Regarding the ultrasonographic data of the ulnar nerve in conjunction with CTS, a smaller number of studies were published. We demonstrated a significant enlargement of u-CSA relative to the control group, which agreed with the study conducted by Kang et al. [8]. On the contrary, other studies reported a significant reduction in u-CSA relative to the control group [28, 43], and one study by Eom et al. did not show any abnormality in u-CSA [44] in patients with CTS. These conflicting results may reflect the fact that ultrasonography is an operator-dependent diagnostic modality with considerable interobserver variability and different scanning techniques. Moreover, most of these studies used low probe frequencies (< 12 MHz), which warrant caution as the resolution of the image is low, with subsequent less sharp nerve boundaries, making it difficult to accurately measure nerve CSA [45].

It seems reasonable that the long-term increase in pressure in the carpal tunnel and its transmission to the nearby Guyon’s canal is likely to result in nerve edema and thus an increase in m-CSA as well as u-CSA. Our explanation is supported by two studies that reported a significant increase in the intraductal pressure of both the carpal and Guyon’s tunnels in patients with idiopathic CTS, with a subsequent significant reduction in their pressure after a surgical section of the transverse carpal ligament (TCL) [46, 47]. Moreover, morphological evaluation by magnetic resonance imaging (MRI) demonstrated that Guyon’s canal, which had a triangular shape before surgery, turned into an oval or rounded shape after the surgical release of CTS [48, 49]. Unfortunately, no studies were available to demonstrate abnormal sonographic findings of the ulnar nerve secondary to its entrapment in Guyon’s canal due to the rarity of such a condition.

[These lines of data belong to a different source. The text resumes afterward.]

(* For every $t\in[0,T]$ and every sufficiently small $\epsilon>0$, $$\mathbb E\big[\|\Theta_1(t)\|_{L^4}^4\big]\le C(H)\,\tau^{4H-1-2\epsilon}\quad\text{and}\quad\mathbb E\big[\|\Theta_2(t)\|_{L^4}^4\big]\le C(H)\,\tau^{4H-1-2\epsilon},$$ with a constant $C(H)$ independent of $t$, $N$ and $\tau$.
   Context: Let $\mathcal D=(0,1)$, $U=L^2(\mathcal D)$, $\|\cdot\|_{L^4}$ the $L^4(\mathcal D)$ norm. $A=-\partial_x^2$ with homogeneous Dirichlet boundary conditions, eigenfunctions $\phi_k(x)=\sqrt2\sin(k\pi x)$, eigenvalues $\lambda_k=k^2\pi^2$. $P_N$ is the orthogonal projection onto $\mathrm{span}\{\phi_1,\dots,\phi_N\}$, $A_N=P_NA$, $S_N(t)=e^{-tA_N}$. Fix $T>0$, $H\in(\frac12,1)$; $\{w_k^H\}$ independent real standard fBms with Hurst parameter $H$ on a probability space, $B^H=\sum_kw_k^H\phi_k$, $\int g\,dB^H:=\sum_k\int g\phi_k\,dw_k^H$. For $M\in\mathbb N$, $\tau=T/M$, $\kappa(t)=\tau\lfloor t/\tau\rfloor$, and $$\Theta_1(t)=\int_{\kappa(t)}^tS_N(t-s)P_N\,dB^H(s),\qquad \Theta_2(t)=\int_0^{\kappa(t)}\big(S_N(t-s)-S_N(\kappa(t)-s)\big)P_N\,dB^H(s).$$ *)

theory Defs
  imports "HOL-Probability.Probability"
begin

definition fbm_cov :: "real \<Rightarrow> real \<Rightarrow> real \<Rightarrow> real" where
  "fbm_cov H s t = (\<bar>s\<bar> powr (2*H) + \<bar>t\<bar> powr (2*H) - \<bar>t - s\<bar> powr (2*H)) / 2"

(* W is a real standard fractional Brownian motion with Hurst parameter H on (M):
   a centred Gaussian process on [0,\<infinity>) with covariance fbm_cov H and continuous paths.
   Gaussianity: every finite linear combination is centred normal (characteristic
   function exp(-u^2 v/2), v the variance; this includes the degenerate case v = 0). *)
definition is_fbm :: "'a measure \<Rightarrow> real \<Rightarrow> (real \<Rightarrow> 'a \<Rightarrow> real) \<Rightarrow> bool" where
  "is_fbm M H W \<longleftrightarrow>
     (\<forall>t. W t \<in> borel_measurable M) \<and>
     (\<forall>\<omega>\<in>space M. continuous_on {0..} (\<lambda>t. W t \<omega>)) \<and>
     (\<forall>(ts::real list) (as::real list). length as = length ts \<and> (\<forall>s\<in>set ts. 0 \<le> s) \<longrightarrow>
        (\<forall>u::real. char (distr M borel (\<lambda>\<omega>. \<Sum>i<length ts. as!i * W (ts!i) \<omega>)) u =
           complex_of_real (exp (- (u^2 * (\<Sum>i<length ts. \<Sum>j<length ts.
                 as!i * as!j * fbm_cov H (ts!i) (ts!j))) / 2))))"

(* Wiener integral of a smooth deterministic integrand f over [a,b] against the path W,
   realised pathwise (Riemann--Stieltjes / Young integral via integration by parts). *)
definition wint :: "(real \<Rightarrow> real) \<Rightarrow> real \<Rightarrow> real \<Rightarrow> (real \<Rightarrow> 'a \<Rightarrow> real) \<Rightarrow> 'a \<Rightarrow> real" where
  "wint f a b W \<omega> = f b * W b \<omega> - f a * W a \<omega> - integral {a..b} (\<lambda>s. deriv f s * W s \<omega>)"

(* Dirichlet Laplacian on (0,1): eigenfunctions and eigenvalues *)
definition phi :: "nat \<Rightarrow> real \<Rightarrow> real" where
  "phi k x = sqrt 2 * sin (real k * pi * x)"

definition lam :: "nat \<Rightarrow> real" where
  "lam k = (real k)^2 * pi^2"

definition kappa :: "real \<Rightarrow> real \<Rightarrow> real" where
  "kappa \<tau> t = \<tau> * of_int \<lfloor>t / \<tau>\<rfloor>"

(* Theta_1(t) = int_{kappa(t)}^t S_N(t-s) P_N dB^H(s), written in the eigenbasis:
   S_N(t-s)P_N phi_k = exp(-lam_k (t-s)) phi_k for k <= N, and 0 for k > N. *)
definition Theta1 :: "(nat \<Rightarrow> real \<Rightarrow> 'a \<Rightarrow> real) \<Rightarrow> nat \<Rightarrow> real \<Rightarrow> real \<Rightarrow> 'a \<Rightarrow> real \<Rightarrow> real" where
  "Theta1 W N \<tau> t \<omega> x =
     (\<Sum>k=1..N. wint (\<lambda>s. exp (- lam k * (t - s))) (kappa \<tau> t) t (W k) \<omega> * phi k x)"
lemma surj_if_tensor_iso_maps:
  fixes f :: "'b::ring_1 \<Rightarrow> 'a::ring_1" and \<gamma> :: "'x::ab_group_add \<Rightarrow> 'n::ab_group_add \<Rightarrow> 'a"
    and \<beta> :: "'n \<Rightarrow> 'a \<Rightarrow> 'b"
  assumes N: "bimod \<iota>B \<iota>A N laN raN"
    and \<gamma>: "tensor_iso_map \<gamma> X laX raX N laN raN UNIV (*) (*)"
    and \<beta>: "tensor_iso_map \<beta> N laN raN UNIV (*) (\<lambda>x b. x * f b) UNIV (*) (*)"
  shows "surj f"
proof -
  interpret \<beta>: tensor_iso_map \<beta> N laN raN UNIV "(*)" "\<lambda>x b. x * f b" UNIV "(*)" "(*)" by fact
  from N have N_zero: "0 \<in> N" and N_lact: "\<And>b y. y \<in> N \<Longrightarrow> laN b y \<in> N"
    and N_ract: "\<And>y a. y \<in> N \<Longrightarrow> raN y a \<in> N"
    and lact_add: "\<And>b y y'. y \<in> N \<Longrightarrow> y' \<in> N \<Longrightarrow> laN b (y + y') = laN b y + laN b y'"
    and ract_add: "\<And>y a a'. y \<in> N \<Longrightarrow> raN y (a + a') = raN y a + raN y a'"
    and ract_lact: "\<And>b a y. y \<in> N \<Longrightarrow> raN (laN b y) a = laN b (raN y a)"
    unfolding bimod_def by auto
  have lact_zero: "laN b 0 = 0" for b
    using lact_add[OF N_zero N_zero, of b] by simp
  have unit: "bij_betw (\<lambda>y. \<beta> y 1) N UNIV"
    by (rule tensor_iso_map_unit_bij[OF N \<beta>])
  then have unit_inj: "y = y'" if "y \<in> N" "y' \<in> N" "\<beta> y 1 = \<beta> y' 1" for y y'
    using that by (auto simp: bij_betw_def inj_on_def)
  have "1 \<in> (\<lambda>y. \<beta> y 1) ` N"
    using unit by (simp add: bij_betw_def)
  then obtain y0 where y0: "y0 \<in> N" "\<beta> y0 1 = 1"
    by force
  have generates: "y = laN (\<beta> y 1) y0" if "y \<in> N" for y
    using unit_inj[OF that N_lact[OF y0(1)]] \<beta>.left_linear[OF y0(1), of 1 "\<beta> y 1"] y0 by simp
  show "surj f"
  proof (rule surjI[of _ "\<lambda>a. \<beta> (raN y0 a) 1"])
    fix a
    \<comment> \<open>b is a acting on 1 through the right A-action transported to B along the unit bijection\<close>
    define b where "b = \<beta> (raN y0 a) 1"
    have "\<beta> (raN y0 (f b)) 1 = \<beta> y0 1 * b"
      using \<beta>.balanced[OF y0(1), of 1 "f b"] \<beta>.right_linear[OF y0(1), of 1 b] by simp
    then have "raN y0 (f b) = raN y0 a"
      using unit_inj N_ract y0 by (simp add: b_def)
    then have "raN y0 (f b - a) = 0"
      using ract_add[OF y0(1), of "f b - a" a] by simp
    have "raN y (f b - a) = 0" if "y \<in> N" for y
    proof -
      have "raN y (f b - a) = raN (laN (\<beta> y 1) y0) (f b - a)"
        using generates[OF that] by (rule arg_cong)
      also have "\<dots> = 0"
        using ract_lact[OF y0(1)] lact_zero \<open>raN y0 (f b - a) = 0\<close> by simp
      finally show ?thesis .
    qed
    then have "f b - a = 0"
      by (rule tensor_iso_map_faithful_right[OF \<gamma> N_zero])
    then show "f (\<beta> (raN y0 a) 1) = a"
      by (simp add: b_def)
  qed
qed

Our study has some limitations. First, the study aimed at reporting early changes that take place in the ulnar nerve in conjunction with idiopathic mild to moderate CTS; however, more studies are needed to evaluate ulnar nerve involvement in longstanding severe cases of CTS. Additionally, since the study included only female patients, it will be more informative to conduct future studies on male patients with idiopathic CTS. Moreover, most of the examined hands in our study were dominant hands (72.5%), in the context of the increased cortical presentation of dominant hands. Additional studies on non-dominant hands may give a better insight into possible concomitant changes in the ulnar nerve in patients with idiopathic CTS.

Conclusion

The current study demonstrated functional and structural changes that took place in the ulnar nerve in cases of mild to moderate CTS. Although the electrophysiological parameters of the ulnar nerve were within the normal ranges, we reported statistically significant differences in ulnar sensory electrophysiological parameters in the patients relative to the control group. Additionally, the CSAs of both median and ulnar nerves were larger at the level of the pisiform bone in those with CTS. Moreover, we demonstrated a significant correlation between u-CSA and median motor conduction parameters. Our findings highlighted the potential importance of neuromuscular ultrasonography in the detection of distal ulnar neuropathy in those patients, even before evident functional changes could be detected by electrodiagnostic evaluation. Finally, more precise sonographic parameters for measuring distal ulnar neuropathy are needed due to the lack of standardized cut-off values for normal u-CSA at this site and the scarcity of available studies on distal ulnar neuropathy due to the relative rarity of this condition.